Problem to work on. Your answer should be every line of the records that contains the word "where".

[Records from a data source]
(* Let $V_1,\dots,V_d$ be uniform random variables whose joint distribution is a copula $C^*$ with density $c^*$. Let $Z_1,\dots,Z_d$ be i.i.d. $\mathcal{U}(0,1)$ random variables, independent of $(V_1,\dots,V_d)$. Let $T_1,\dots,T_d$ be regular uniform-distribution-preserving transformations. Then the random vector $\big(T_1^\leftarrow(V_1,Z_1),\dots,T_d^\leftarrow(V_d,Z_d)\big)$ has density $$c(u_1,\dots,u_d)=c^*\big(T_1(u_1),\dots,T_d(u_d)\big).$$
   Context: A function $T:[0,1]\to[0,1]$ is uniform-distribution-preserving (udp) if $T(U)\sim\mathcal{U}(0,1)$ whenever $U\sim\mathcal{U}(0,1)$. A udp transformation is regular if there is a finite partition $0=a_0<a_1<\dots<a_L=1$ such that $T$ is continuously differentiable on each $A_\ell=(a_{\ell-1},a_\ell)$. Let $A=\bigcup_\ell A_\ell$. The stochastic inverse of a regular udp $T$: for $x\in T(A)$, let $\{u\in A:T(u)=x\}=\{r_1(x),\dots,r_{n(x)}(x)\}$ (a finite set, with the weights below summing to one); let $G_x$ be the distribution function of the discrete random variable taking value $r_i(x)$ with probability $1/|T'(r_i(x))|$, and set $T^\leftarrow(x,Z)=G_x^{-1}(Z)$ with $G^{-1}(z)=\inf\{t:G(t)\ge z\}$; for $x\notin T(A)$ set $T^\leftarrow(x,Z)=0$. *)

theory Defs
  imports "HOL-Probability.Probability"
begin

text \<open>The uniform law on [0,1] is the restriction of Lebesgue
  measure to [0,1] (as a source space) and uniform_measure lborel {0..1} (as a law on the reals).\<close>
definition udp :: "(real \<Rightarrow> real) \<Rightarrow> bool" where
  "udp T \<longleftrightarrow> (\<forall>u\<in>{0..1}. T u \<in> {0..1})
     \<and> T \<in> measurable (restrict_space lborel {0..1}) borel
     \<and> distr (restrict_space lborel {0..1}) borel T = uniform_measure lborel {0..1}"

definition regular_partition :: "(real \<Rightarrow> real) \<Rightarrow> (nat \<Rightarrow> real) \<Rightarrow> nat \<Rightarrow> bool" where
  "regular_partition T a L \<longleftrightarrow> L \<ge> 1 \<and> a 0 = 0 \<and> a L = 1
     \<and> (\<forall>l<L. a l < a (Suc l))
     \<and> (\<forall>l<L. T C1_differentiable_on {a l<..<a (Suc l)})"

definition partition_set :: "(nat \<Rightarrow> real) \<Rightarrow> nat \<Rightarrow> real set" where
  "partition_set a L = (\<Union>l<L. {a l<..<a (Suc l)})"

definition regular_udp :: "(real \<Rightarrow> real) \<Rightarrow> (nat \<Rightarrow> real) \<Rightarrow> nat \<Rightarrow> bool" where
  "regular_udp T a L \<longleftrightarrow> udp T \<and> regular_partition T a L"

definition gen_inv :: "(real \<Rightarrow> real) \<Rightarrow> real \<Rightarrow> real" where
  "gen_inv G z = Inf {t. G t \<ge> z}"

definition preimage_cdf :: "(real \<Rightarrow> real) \<Rightarrow> real set \<Rightarrow> real \<Rightarrow> real \<Rightarrow> real" where
  "preimage_cdf T A x t = (\<Sum>r\<in>{r\<in>A. T r = x \<and> r \<le> t}. 1 / \<bar>deriv T r\<bar>)"

definition stoch_inv :: "(real \<Rightarrow> real) \<Rightarrow> real set \<Rightarrow> real \<Rightarrow> real \<Rightarrow> real" where
  "stoch_inv T A x z = (if x \<in> T ` A then gen_inv (preimage_cdf T A x) z else 0)"

definition unit_cube :: "(real^'d) set" where
  "unit_cube = {u. \<forall>i. u $ i \<in> {0..1}}"

end

theory Submission
  imports Defs
begin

Task answer.
definition udp :: "(real \<Rightarrow> real) \<Rightarrow> bool" where
definition regular_partition :: "(real \<Rightarrow> real) \<Rightarrow> (nat \<Rightarrow> real) \<Rightarrow> nat \<Rightarrow> bool" where
definition partition_set :: "(nat \<Rightarrow> real) \<Rightarrow> nat \<Rightarrow> real set" where
definition regular_udp :: "(real \<Rightarrow> real) \<Rightarrow> (nat \<Rightarrow> real) \<Rightarrow> nat \<Rightarrow> bool" where
definition gen_inv :: "(real \<Rightarrow> real) \<Rightarrow> real \<Rightarrow> real" where
definition preimage_cdf :: "(real \<Rightarrow> real) \<Rightarrow> real set \<Rightarrow> real \<Rightarrow> real \<Rightarrow> real" where
definition stoch_inv :: "(real \<Rightarrow> real) \<Rightarrow> real set \<Rightarrow> real \<Rightarrow> real \<Rightarrow> real" where
definition unit_cube :: "(real^'d) set" where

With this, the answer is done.